The decision came as state lawmakers considered legislation that would ban public release of graphic photos of crime victims. First Amendment lawyers say the legislation could have a chilling effect on open records requests.
DeKalb Superior Court Judge Daniel Coursey issued a temporary order restraining the Georgia Bureau of Investigation from releasing "any and all photographs, visual images or depictions of Meredith Emerson which show Emerson in an unclothed or dismembered state.
Emerson's family sought the order after learning of the request for copies of crime scene photos of the 24-year-old, attorney Lindsay Haigh said. Emerson's admitted killer, Gary Michael Hilton, received a life sentence in exchange for leading investigators to her body in the north Georgia mountains on January 7, 2008, six days after Emerson disappeared.
The judge's order came on the same day the Georgia House Governmental Affairs Committee unanimously passed "The Meredith Emerson Memorial Privacy Act," which would prevent gruesome crime scene photos from being publicly released or disseminated, according to Rep. Jill Chambers, the bill's principal sponsor.
House Bill 1322 would prevent the release of photographs of the bodies of crime victims that are "nude, bruised, bloodied or in a broken state with open wounds, a state of dismemberment or decapitation," said Chambers.
"We have to walk the line between open record laws and the constitutional provisions that allow women to be able to be photographed nude or in pornography when they knowingly and willingly offer their bodies for dissemination," she said.
"Meredith isn't in a position to give that kind of permission to have her exploited in that kind of venue," Chambers said. "We're not only protecting future victims of crime, we're protecting the integrity of what happened to Meredith."
The bill allows credentialed journalists, lawyers and law enforcement to view such photographs at the Georgia Bureau of Investigation's headquarters, Chambers said, but not make copies of them.
Hustler did not respond to a request for comment on the judge's ruling except to say that it is exploring its legal options.
"Hustler is aware of the GBI's refusal to honor its reporter's request for copies of the Emerson crime scenes photos, which were to be used in a news story about this crime. Hustler and Mr. Flynt disagree with the GBI's position, and are currently exploring all legal options available to them should the decision be made to go forward with the story," the company said in an e-mail.
Members of the state Legislature were quick to condemn the request.
"I think that the request is sickening, disgusting, vile and I think it's very, very hurtful for this family," House Speaker David Ralston said in a Monday press conference.
Current statute prevents the release of autopsy photos without the permission of next of kin, but a "gray area" in the law left open the question of whether crime scene photos could be released, Ralston said.
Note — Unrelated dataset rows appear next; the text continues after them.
lemma alternating_obtains_separates:
  assumes "alternating n A"
  obtains p q r s where "p < n" "q < n" "r < n" "s < n" "separates p r q s"
    "p \<in> A" "r \<in> A" "q \<notin> A" "s \<notin> A"
proof -
  obtain a b c d where abcd: "a < b" "b < c" "c < d" "d < n"
    and pattern: "a \<in> A \<and> c \<in> A \<and> b \<notin> A \<and> d \<notin> A \<or> a \<notin> A \<and> c \<notin> A \<and> b \<in> A \<and> d \<in> A"
    using assms unfolding alternating_def by blast
  have "separates a c b d" "separates b d c a"
    using abcd unfolding separates_def cbetw_def by auto
  then show ?thesis using that[of a b c d] that[of b c d a] pattern abcd by auto
qed

text \<open>Four alternating points of the preimage would have images alternating in and out of J;
  equal images are excluded because fibres are subintervals, and distinct ones because the
  alternation transfers to the images.\<close>

lemma cyclic_monotone_preimage_subinterval:
  assumes f: "cyclic_monotone n m f" and range: "\<forall>x<n. f x < m" and J: "subinterval m J"
  shows "subinterval n {x. x < n \<and> f x \<in> J}" (is "subinterval n ?P")
proof (rule not_alternating_subinterval)
  show "\<not> alternating n ?P"
  proof
    assume "alternating n ?P"
    then obtain p q r s where pqrs: "p < n" "q < n" "r < n" "s < n" "separates p r q s"
      and "p \<in> ?P" "r \<in> ?P" "q \<notin> ?P" "s \<notin> ?P"
      by (rule alternating_obtains_separates)
    then have fJ: "f p \<in> J" "f r \<in> J" "f q \<notin> J" "f s \<notin> J" by auto
    have fiber: "subinterval n {x. x < n \<and> f x = f y}" if "y < n" for y
      using f range that unfolding cyclic_monotone_def by blast
    have "f p \<noteq> f r"
    proof
      assume "f p = f r"
      have "\<not> separates p r q s"
        by (rule subinterval_not_separates[OF fiber[OF pqrs(1)] pqrs(1-4)])
          (use \<open>f p = f r\<close> pqrs fJ in auto)
      then show False using pqrs(5) by blast
    qed
    moreover have "f q \<noteq> f s"
    proof
      assume "f q = f s"
      have "\<not> separates p r q s"
        by (rule subinterval_not_separates[OF fiber[OF pqrs(2)] pqrs(1-4)])
          (use \<open>f q = f s\<close> pqrs fJ in auto)
      then show False using pqrs(5) by blast
    qed
    moreover have "f p \<noteq> f q" "f p \<noteq> f s" "f r \<noteq> f q" "f r \<noteq> f s" using fJ by auto
    ultimately have "separates (f p) (f r) (f q) (f s)"
      using pqrs(5) cyclic_monotone_cbetw_iff[OF f] pqrs(1-4) unfolding separates_def by metis
    moreover have "f p < m" "f q < m" "f r < m" "f s < m" using range pqrs by auto
    ultimately show False using subinterval_not_separates[OF J] fJ by blast
  qed
qed auto

lemma cyclic_monotone_comp:
  assumes f: "cyclic_monotone n m f" and range: "\<forall>x<n. f x < m" and g: "cyclic_monotone m p g"
  shows "cyclic_monotone n p (g \<circ> f)"
  unfolding cyclic_monotone_def
proof (intro conjI allI impI)
  fix y assume "y < p"
  then have "subinterval m {z. z < m \<and> g z = y}" using g unfolding cyclic_monotone_def by blast
  then have "subinterval n {x. x < n \<and> f x \<in> {z. z < m \<and> g z = y}}"
    by (rule cyclic_monotone_preimage_subinterval[OF f range])
  moreover have "{x. x < n \<and> f x \<in> {z. z < m \<and> g z = y}} = {x. x < n \<and> (g \<circ> f) x = y}"
    using range by auto
  ultimately show "subinterval n {x. x < n \<and> (g \<circ> f) x = y}" by simp
next
  fix s s' s'' assume s: "s < n" "s' < n" "s'' < n"
    and "cbetw ((g \<circ> f) s) ((g \<circ> f) s') ((g \<circ> f) s'')"
  then have "cbetw (f s) (f s') (f s'')" using g range unfolding cyclic_monotone_def by simp
  then show "cbetw s s' s''" using f s unfolding cyclic_monotone_def by blast
qed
"I am a big proponent of open government. This goes against the grain for me. But in this case, when you have these kind of photographs that depict victims of crime where there may have been sexual assault or mutilation of the body, I just think it goes beyond the pale," he said. "We're going to narrow it to those situations so we don't have this kind of situation again where we pause and wonder is this something we have to release or not."
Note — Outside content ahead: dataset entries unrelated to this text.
(* Let $q$ be a prime power, $n\geq 2$, and let $C_1=[n,k_1,d_1]_q$ and $C_2=[n,k_2,d_2]_q$ be linear codes over $\mathbb{F}_q$ with $C_2\subset C_1$ (so that the CSS construction gives an $[[n,k,d_z/d_x]]_q$ stabilizer code with $k=k_1-k_2$, $d_z\geq d_1$, $d_x\geq d_2^{\perp}$), where $d_2^{\perp}$ is the minimum distance of the Euclidean dual $C_2^{\perp}$. Suppose that $d_1\geq 2$, $d_2^{\perp}\geq 2$, and that $C_2^{\perp}$ contains at least one nonzero codeword whose $i$th coordinate is zero. Then: (i) if $C_1$ has a minimum weight codeword with nonzero $i$th coordinate, there exists an AQECC $[[n-1,k,d_z^{P_i}/d_x^{P_i}]]_q$ with $k=k_1-k_2$, $d_z^{P_i}\geq d_1-1$ and $d_x^{P_i}\geq d_2^{\perp}$; (ii) if $C_1$ has no minimum weight codeword with nonzero $i$th coordinate, there exists an AQECC $[[n-1,k,d_z^{P_i}/d_x^{P_i}]]_q$ with $k=k_1-k_2$, $d_z^{P_i}\geq d_1$ and $d_x^{P_i}\geq d_2^{\perp}\geq 2$.
   Context: An AQECC $[[n,k,d_z/d_x]]_q$ is a $q^k$-dimensional subspace of $\mathbb{C}^{q^n}$ correcting all qudit-flip errors up to $\lfloor (d_x-1)/2\rfloor$ and all phase-shift errors up to $\lfloor (d_z-1)/2\rfloor$. CSS construction: if $C_2\subset C_1\subseteq\mathbb{F}_q^n$ are linear of dimensions $k_2<k_1$, there is an AQECC $[[n,k_1-k_2,d_z/d_x]]_q$ with $d_z=\mathrm{wt}(C_1\setminus C_2)$ and $d_x=\mathrm{wt}(C_2^{\perp}\setminus C_1^{\perp})$. *)

theory Defs
  imports Complex_Main "HOL-Computational_Algebra.Primes"
begin

text \<open>Words of length n: functions nat => F_q vanishing at coordinates >= n.\<close>
definition words :: "nat \<Rightarrow> (nat \<Rightarrow> 'a::zero) set" where
  "words n = {x. \<forall>j\<ge>n. x j = 0}"

definition wt :: "nat \<Rightarrow> (nat \<Rightarrow> 'a::zero) \<Rightarrow> nat" where
  "wt n x = card {j. j < n \<and> x j \<noteq> 0}"

definition linear_code :: "nat \<Rightarrow> (nat \<Rightarrow> 'a::field) set \<Rightarrow> bool" where
  "linear_code n C \<longleftrightarrow> C \<subseteq> words n \<and> (\<lambda>_. 0) \<in> C \<and>
     (\<forall>x\<in>C. \<forall>y\<in>C. (\<lambda>j. x j + y j) \<in> C) \<and>
     (\<forall>c. \<forall>x\<in>C. (\<lambda>j. c * x j) \<in> C)"

text \<open>A linear code of dimension k over F_q has exactly q^k codewords.\<close>
definition code_dim :: "(nat \<Rightarrow> 'a::finite_field) set \<Rightarrow> nat \<Rightarrow> bool" where
  "code_dim C k \<longleftrightarrow> card C = card (UNIV :: 'a set) ^ k"

definition min_dist :: "nat \<Rightarrow> (nat \<Rightarrow> 'a::zero) set \<Rightarrow> nat" where
  "min_dist n C = Min {wt n c | c. c \<in> C \<and> c \<noteq> (\<lambda>_. 0)}"

definition dual :: "nat \<Rightarrow> (nat \<Rightarrow> 'a::field) set \<Rightarrow> (nat \<Rightarrow> 'a) set" where
  "dual n C = {x \<in> words n. \<forall>c\<in>C. (\<Sum>j<n. x j * c j) = 0}"

definition field_degree :: "'a::finite_field itself \<Rightarrow> nat" where
  "field_degree _ = (THE m. card (UNIV :: 'a set) = CHAR('a) ^ m)"

definition field_trace :: "'a::finite_field \<Rightarrow> 'a" where
  "field_trace y = (\<Sum>j<field_degree TYPE('a). y ^ (CHAR('a) ^ j))"

text \<open>The absolute trace lands in the prime field F_p = {of_nat k | k < p}.\<close>
definition trace_nat :: "'a::finite_field \<Rightarrow> nat" where
  "trace_nat y = (THE k. k < CHAR('a) \<and> of_nat k = field_trace y)"

definition chi :: "'a::finite_field \<Rightarrow> complex" where
  "chi y = exp (2 * pi * \<i> * of_nat (trace_nat y) / of_nat CHAR('a))"

section \<open>Operators on C^(q^n), with basis indexed by words n\<close>

type_synonym 'a op = "(nat \<Rightarrow> 'a) \<Rightarrow> (nat \<Rightarrow> 'a) \<Rightarrow> complex"

definition op_mult :: "nat \<Rightarrow> 'a::finite_field op \<Rightarrow> 'a op \<Rightarrow> 'a op" where
  "op_mult n A B = (\<lambda>x y. \<Sum>z\<in>words n. A x z * B z y)"

definition op_adj :: "'a op \<Rightarrow> 'a op" where
  "op_adj A = (\<lambda>x y. cnj (A y x))"

text \<open>Qudit-flip X(a): |y> -> |y + a>; phase-shift Z(b): |y> -> chi(b.y) |y>.\<close>
definition Xop :: "nat \<Rightarrow> (nat \<Rightarrow> 'a::finite_field) \<Rightarrow> 'a op" where
  "Xop n a = (\<lambda>x y. if x = (\<lambda>j. y j + a j) then 1 else 0)"

definition Zop :: "nat \<Rightarrow> (nat \<Rightarrow> 'a::finite_field) \<Rightarrow> 'a op" where
  "Zop n b = (\<lambda>x y. if x = y then chi (\<Sum>j<n. b j * y j) else 0)"

definition errors :: "nat \<Rightarrow> nat \<Rightarrow> nat \<Rightarrow> 'a::finite_field op set" where
  "errors n tx tz = {op_mult n (Xop n a) (Zop n b) | a b.
      a \<in> words n \<and> b \<in> words n \<and> wt n a \<le> tx \<and> wt n b \<le> tz}"

text \<open>Orthogonal projector onto a q^k-dimensional subspace of C^(q^n).\<close>
definition is_code_projector :: "nat \<Rightarrow> nat \<Rightarrow> 'a::finite_field op \<Rightarrow> bool" where
  "is_code_projector n k P \<longleftrightarrow>
     (\<forall>x y. (x \<notin> words n \<or> y \<notin> words n) \<longrightarrow> P x y = 0) \<and>
     op_mult n P P = P \<and> op_adj P = P \<and>
     (\<Sum>x\<in>words n. P x x) = of_nat (card (UNIV :: 'a set) ^ k)"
"Meredith was a daughter, a friend and a mentor to many. She lived life to its fullest and was taken from us deliberately and maliciously," her family said on www.righttohikeinc.com, the charity Web site established in Emerson's memory.
"Her family and friends live everyday with this tragedy and to know that the possibility of any images, other than those that portray the beautiful, young woman we knew, could be disclosed to the public or may be published would bring further stress and unnecessarily added grief over what is already too much sadness to bear."
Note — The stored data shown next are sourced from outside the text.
(* Let $p\in[1,\infty)$, $w$ a weight sequence, and $A\subset L_{p,w}$ such that $\forall\varepsilon>0\ \exists N\in\mathbb{N}\ \forall a\in A\ \forall i\ge N:\ T_i(a)<\varepsilon$. Then the same holds for $A-A=\{a-b:a,b\in A\}$, i.e. $\forall\varepsilon>0\ \exists N\in\mathbb{N}\ \forall a,b\in A\ \forall i\ge N:\ T_i(a-b)<\varepsilon$.
   Context: A weight sequence is a sequence $w=(w_i)$ of positive reals with $w_1=1\ge w_2\ge\dots$, $w_i\to0$, and $\sum_i w_i=+\infty$. For a real sequence $a$, $\|a\|_{p,w}=\sup_{\sigma}\big(\sum_{i=1}^\infty |a_{\sigma_i}|^p w_i\big)^{1/p}$ over all permutations $\sigma$ of $\mathbb{N}$; $L_{p,w}$ is the set of real sequences with finite norm. $T_i(a)=\|(a_{i+1},a_{i+2},\dots)\|_{p,w}^p$ (the $p$-th power of the norm of the $i$-th tail). *)

theory Defs
  imports "HOL-Analysis.Analysis"
begin

(* Sequences are 0-indexed: a 0 is a_1, w 0 is w_1. *)

definition weight_seq :: "(nat \<Rightarrow> real) \<Rightarrow> bool" where
  "weight_seq w \<longleftrightarrow> (\<forall>i. w i > 0) \<and> w 0 = 1 \<and> decseq w \<and> w \<longlonglongrightarrow> 0
     \<and> \<not> summable w"

definition lorentz_pow :: "real \<Rightarrow> (nat \<Rightarrow> real) \<Rightarrow> (nat \<Rightarrow> real) \<Rightarrow> ennreal" where
  "lorentz_pow p w a = (SUP \<sigma>\<in>{\<sigma>. bij \<sigma>}. (\<Sum>i. ennreal (\<bar>a (\<sigma> i)\<bar> powr p * w i)))"

definition L_pw :: "real \<Rightarrow> (nat \<Rightarrow> real) \<Rightarrow> (nat \<Rightarrow> real) set" where
  "L_pw p w = {a. lorentz_pow p w a < top}"

(* the norm ||a||_{p,w} (meaningful for a in L_pw) *)
definition lorentz_norm :: "real \<Rightarrow> (nat \<Rightarrow> real) \<Rightarrow> (nat \<Rightarrow> real) \<Rightarrow> real" where
  "lorentz_norm p w a = enn2real (lorentz_pow p w a) powr (1 / p)"

(* T_i(a) = || (a_{i+1}, a_{i+2}, ...) ||^p ; in 0-indexing the i-th tail is k \<mapsto> a (k + i) *)
definition tail_T :: "real \<Rightarrow> (nat \<Rightarrow> real) \<Rightarrow> nat \<Rightarrow> (nat \<Rightarrow> real) \<Rightarrow> real" where
  "tail_T p w i a = lorentz_norm p w (\<lambda>k. a (k + i)) powr p"

end

theory Submission
  imports Defs "HOL-Combinatorics.Permutations"
begin

text \<open>The pointwise inequality \<open>|x - y|^p \<le> 2^p (|x|^p + |y|^p)\<close>, summed against the weights
  along any rearrangement, gives \<open>T\<^sub>i(a - b) \<le> 2^p (T\<^sub>i(a) + T\<^sub>i(b))\<close> for \<open>a, b \<in> L\<^sub>p\<^sub>,\<^sub>w\<close>;
  so choosing \<open>N\<close> for \<open>\<epsilon> / 2^(p+1)\<close> in the hypothesis on \<open>A\<close> works for \<open>A - A\<close>.
  The one point needing care is that tails of elements of \<open>L\<^sub>p\<^sub>,\<^sub>w\<close> lie again in \<open>L\<^sub>p\<^sub>,\<^sub>w\<close>
  (otherwise \<open>T\<^sub>i\<close> is the junk value \<open>0\<close>): on every finite initial segment, a rearrangement
  of a tail agrees with a rearrangement of the whole sequence.\<close>

lemma inj_on_extends_to_bij:
  fixes g :: "'a \<Rightarrow> 'a"
  assumes "finite S" and "inj_on g S"
  obtains \<pi> where "bij \<pi>" and "\<And>x. x \<in> S \<Longrightarrow> \<pi> x = g x"
proof -
  define M where "M = S \<union> g ` S"
  have "card (M - S) = card (M - g ` S)"
    using assms by (simp add: M_def card_Diff_subset card_image)
  then obtain h where h: "bij_betw h (M - S) (M - g ` S)"
    using assms(1) by (metis M_def finite_Diff finite_Un finite_imageI finite_same_card_bij)
  define \<pi> where "\<pi> x = (if x \<in> S then g x else if x \<in> M then h x else x)" for x
  have "bij_betw \<pi> S (g ` S)"
    using inj_on_imp_bij_betw[OF assms(2)] by (rule bij_betw_cong[THEN iffD1, rotated]) (simp add: \<pi>_def)
  moreover have "bij_betw \<pi> (M - S) (M - g ` S)"
    using h by (rule bij_betw_cong[THEN iffD1, rotated]) (simp add: \<pi>_def)
  ultimately have "bij_betw \<pi> (S \<union> (M - S)) (g ` S \<union> (M - g ` S))"
    by (rule bij_betw_combine) blast
  then have "bij_betw \<pi> M M"
    by (simp add: M_def Un_absorb1 Un_commute sup_left_commute)
  then have "\<pi> permutes M"
    by (rule bij_imp_permutes) (simp add: \<pi>_def M_def)
  then show thesis
    using that[OF permutes_bij] by (simp add: \<pi>_def)
qed

lemma lorentz_pow_upper:
  assumes "bij \<sigma>"
  shows "(\<Sum>i. ennreal (\<bar>a (\<sigma> i)\<bar> powr p * w i)) \<le> lorentz_pow p w a"
  unfolding lorentz_pow_def using assms by (intro SUP_upper) simp

lemma lorentz_pow_comp_inj_le:
  assumes "inj f"
  shows "lorentz_pow p w (a \<circ> f) \<le> lorentz_pow p w a"
  unfolding lorentz_pow_def[of p w "a \<circ> f"]
proof (rule SUP_least)
  fix \<sigma> :: "nat \<Rightarrow> nat" assume "\<sigma> \<in> {\<sigma>. bij \<sigma>}"
  then have "inj (f \<circ> \<sigma>)"
    using assms by (simp add: bij_is_inj inj_compose)
  have "(\<Sum>i<n. ennreal (\<bar>a (f (\<sigma> i))\<bar> powr p * w i)) \<le> lorentz_pow p w a" for n
  proof -
    obtain \<pi> where \<pi>: "bij \<pi>" "\<And>i. i \<in> {..<n} \<Longrightarrow> \<pi> i = f (\<sigma> i)"
      using inj_on_extends_to_bij[of "{..<n}" "f \<circ> \<sigma>"] \<open>inj (f \<circ> \<sigma>)\<close>
      by (metis comp_apply finite_lessThan inj_on_subset subset_UNIV)
    have "(\<Sum>i<n. ennreal (\<bar>a (f (\<sigma> i))\<bar> powr p * w i)) = (\<Sum>i<n. ennreal (\<bar>a (\<pi> i)\<bar> powr p * w i))"
      using \<pi>(2) by simp
    also have "\<dots> \<le> (\<Sum>i. ennreal (\<bar>a (\<pi> i)\<bar> powr p * w i))"
      by (rule sum_le_suminf) auto
    also have "\<dots> \<le> lorentz_pow p w a"
      using \<pi>(1) by (rule lorentz_pow_upper)
    finally show ?thesis .
  qed
  then show "(\<Sum>i. ennreal (\<bar>(a \<circ> f) (\<sigma> i)\<bar> powr p * w i)) \<le> lorentz_pow p w a"
    unfolding suminf_eq_SUP by (auto intro: SUP_least)
qed

lemma shift_in_L_pw:
  assumes "a \<in> L_pw p w"
  shows "(\<lambda>k. a (k + i)) \<in> L_pw p w"
proof -
  have "lorentz_pow p w (a \<circ> (\<lambda>k. k + i)) \<le> lorentz_pow p w a"
    by (rule lorentz_pow_comp_inj_le) (simp add: inj_def)
  then show ?thesis
    using assms by (auto simp: L_pw_def comp_def)
qed

lemma abs_diff_powr_le:
  fixes x y p :: real
  assumes "0 \<le> p"
  shows "\<bar>x - y\<bar> powr p \<le> 2 powr p * (\<bar>x\<bar> powr p + \<bar>y\<bar> powr p)"
proof -
  have "\<bar>x - y\<bar> powr p \<le> (2 * max \<bar>x\<bar> \<bar>y\<bar>) powr p"
    using assms by (intro powr_mono2) auto
  also have "\<dots> = 2 powr p * max \<bar>x\<bar> \<bar>y\<bar> powr p"
    by (simp add: powr_mult)
  also have "\<dots> \<le> 2 powr p * (\<bar>x\<bar> powr p + \<bar>y\<bar> powr p)"
    by (intro mult_left_mono) (auto simp: max_def)
  finally show ?thesis .
qed

lemma lorentz_pow_diff_le:
  assumes "0 \<le> p" and w_nonneg: "\<And>k. 0 \<le> w k"
  shows "lorentz_pow p w (\<lambda>k. a k - b k)
    \<le> ennreal (2 powr p) * (lorentz_pow p w a + lorentz_pow p w b)"
  unfolding lorentz_pow_def[of p w "\<lambda>k. a k - b k"]
proof (rule SUP_least)
  fix \<sigma> :: "nat \<Rightarrow> nat" assume "\<sigma> \<in> {\<sigma>. bij \<sigma>}"
  let ?A = "\<lambda>k. ennreal (\<bar>a (\<sigma> k)\<bar> powr p * w k)"
  let ?B = "\<lambda>k. ennreal (\<bar>b (\<sigma> k)\<bar> powr p * w k)"
  have "(\<Sum>k. ennreal (\<bar>a (\<sigma> k) - b (\<sigma> k)\<bar> powr p * w k)) \<le> (\<Sum>k. ennreal (2 powr p) * (?A k + ?B k))"
  proof (rule suminf_le)
    fix k
    have "\<bar>a (\<sigma> k) - b (\<sigma> k)\<bar> powr p * w k
        \<le> 2 powr p * (\<bar>a (\<sigma> k)\<bar> powr p * w k + \<bar>b (\<sigma> k)\<bar> powr p * w k)"
      using mult_right_mono[OF abs_diff_powr_le[OF assms(1), of "a (\<sigma> k)" "b (\<sigma> k)"] w_nonneg]
      by (simp add: algebra_simps)
    then show "ennreal (\<bar>a (\<sigma> k) - b (\<sigma> k)\<bar> powr p * w k) \<le> ennreal (2 powr p) * (?A k + ?B k)"
      using w_nonneg by (simp add: ennreal_mult[symmetric] ennreal_plus[symmetric] del: ennreal_plus)
  qed auto
  also have "\<dots> = ennreal (2 powr p) * ((\<Sum>k. ?A k) + (\<Sum>k. ?B k))"
    by (simp add: suminf_add)
  also have "\<dots> \<le> ennreal (2 powr p) * (lorentz_pow p w a + lorentz_pow p w b)"
    using \<open>\<sigma> \<in> {\<sigma>. bij \<sigma>}\<close> by (intro mult_left_mono add_mono lorentz_pow_upper) auto
  finally show "(\<Sum>k. ennreal (\<bar>a (\<sigma> k) - b (\<sigma> k)\<bar> powr p * w k))
    \<le> ennreal (2 powr p) * (lorentz_pow p w a + lorentz_pow p w b)" .
qed

lemma tail_T_eq_enn2real:
  assumes "0 < p"
  shows "tail_T p w i a = enn2real (lorentz_pow p w (\<lambda>k. a (k + i)))"
  using assms unfolding tail_T_def lorentz_norm_def by (simp add: powr_powr)

lemma tail_T_diff_le:
  assumes "0 < p" and "\<And>k. 0 \<le> w k" and "a \<in> L_pw p w" and "b \<in> L_pw p w"
  shows "tail_T p w i (\<lambda>k. a k - b k) \<le> 2 powr p * (tail_T p w i a + tail_T p w i b)"
proof -
  let ?a = "\<lambda>k. a (k + i)" and ?b = "\<lambda>k. b (k + i)"
  have fin: "lorentz_pow p w ?a < top" "lorentz_pow p w ?b < top"
    using shift_in_L_pw[OF assms(3)] shift_in_L_pw[OF assms(4)] by (auto simp: L_pw_def)
  have "enn2real (lorentz_pow p w (\<lambda>k. ?a k - ?b k))
      \<le> enn2real (ennreal (2 powr p) * (lorentz_pow p w ?a + lorentz_pow p w ?b))"
    using lorentz_pow_diff_le[of p w ?a ?b] assms(1,2) fin
    by (intro enn2real_mono) (auto simp: ennreal_mult_less_top)
  also have "\<dots> = 2 powr p * (enn2real (lorentz_pow p w ?a) + enn2real (lorentz_pow p w ?b))"
    using fin by (simp add: enn2real_mult enn2real_plus)
  finally show ?thesis
    using assms(1) by (simp add: tail_T_eq_enn2real)
qed

theorem mainTheorem11:
  fixes p :: real and w :: "nat \<Rightarrow> real" and A :: "(nat \<Rightarrow> real) set"
  assumes "1 \<le> p" and "weight_seq w" and "A \<subseteq> L_pw p w"
    and "\<forall>\<epsilon>>0. \<exists>N. \<forall>a\<in>A. \<forall>i\<ge>N. tail_T p w i a < \<epsilon>"
  shows "\<forall>\<epsilon>>0. \<exists>N. \<forall>a\<in>A. \<forall>b\<in>A. \<forall>i\<ge>N. tail_T p w i (\<lambda>k. a k - b k) < \<epsilon>"
proof (intro allI impI)
  fix \<epsilon> :: real assume "\<epsilon> > 0"
  define C where "C = 2 powr p"
  have "C > 0" by (simp add: C_def)
  have w_nonneg: "0 \<le> w k" for k
    using assms(2) by (simp add: weight_seq_def less_imp_le)
  obtain N where N: "\<forall>a\<in>A. \<forall>i\<ge>N. tail_T p w i a < \<epsilon> / (2 * C)"
    using assms(4) \<open>\<epsilon> > 0\<close> \<open>C > 0\<close> by (meson divide_pos_pos mult_pos_pos zero_less_numeral)
  have "tail_T p w i (\<lambda>k. a k - b k) < \<epsilon>" if "a \<in> A" "b \<in> A" "N \<le> i" for a b i
  proof -
    have "tail_T p w i (\<lambda>k. a k - b k) \<le> C * (tail_T p w i a + tail_T p w i b)"
      unfolding C_def using assms(1,3) that w_nonneg by (intro tail_T_diff_le) auto
    also have "\<dots> < C * (\<epsilon> / (2 * C) + \<epsilon> / (2 * C))"
      using N that \<open>C > 0\<close> by (intro mult_strict_left_mono add_strict_mono) auto
    also have "\<dots> = \<epsilon>"
      using \<open>C > 0\<close> by (simp add: field_simps)
    finally show ?thesis .
  qed
  then show "\<exists>N. \<forall>a\<in>A. \<forall>b\<in>A. \<forall>i\<ge>N. tail_T p w i (\<lambda>k. a k - b k) < \<epsilon>"
    by blast
qed

end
The Georgia Bureau of Investigation promptly denied Hustler's request, agency spokesman John Bankhead said.
"There's no public interest served by these photographs being publicly displayed," he said. "The negative impact on surviving friends and family would be horrific. They had to go through this with the death so to have to go through it again with the pictures ending up on Internet would be incredible."
First Amendment lawyers are watching the outcome of this lawsuit and the bill.
"The photos are awful, but it's also awful to see pictures of people in wars, soldiers fighting or the victims of wars," said New York attorney Martin Garbus. "I don't think there should be any kind of censorship because of awfulness."
Garbus surmised that privacy laws could be applied in this instance but cautioned that even such laws could be considered limitation of free speech.
"I don't think you can make it into a narrow context. If you look at a picture of a Sudanese kid starving to death, or people dying in Haiti, those are invasions of privacy. Pictures of people alive in tortuous situations in some other country are just as bad as pictures of disfigured corpses in the United States."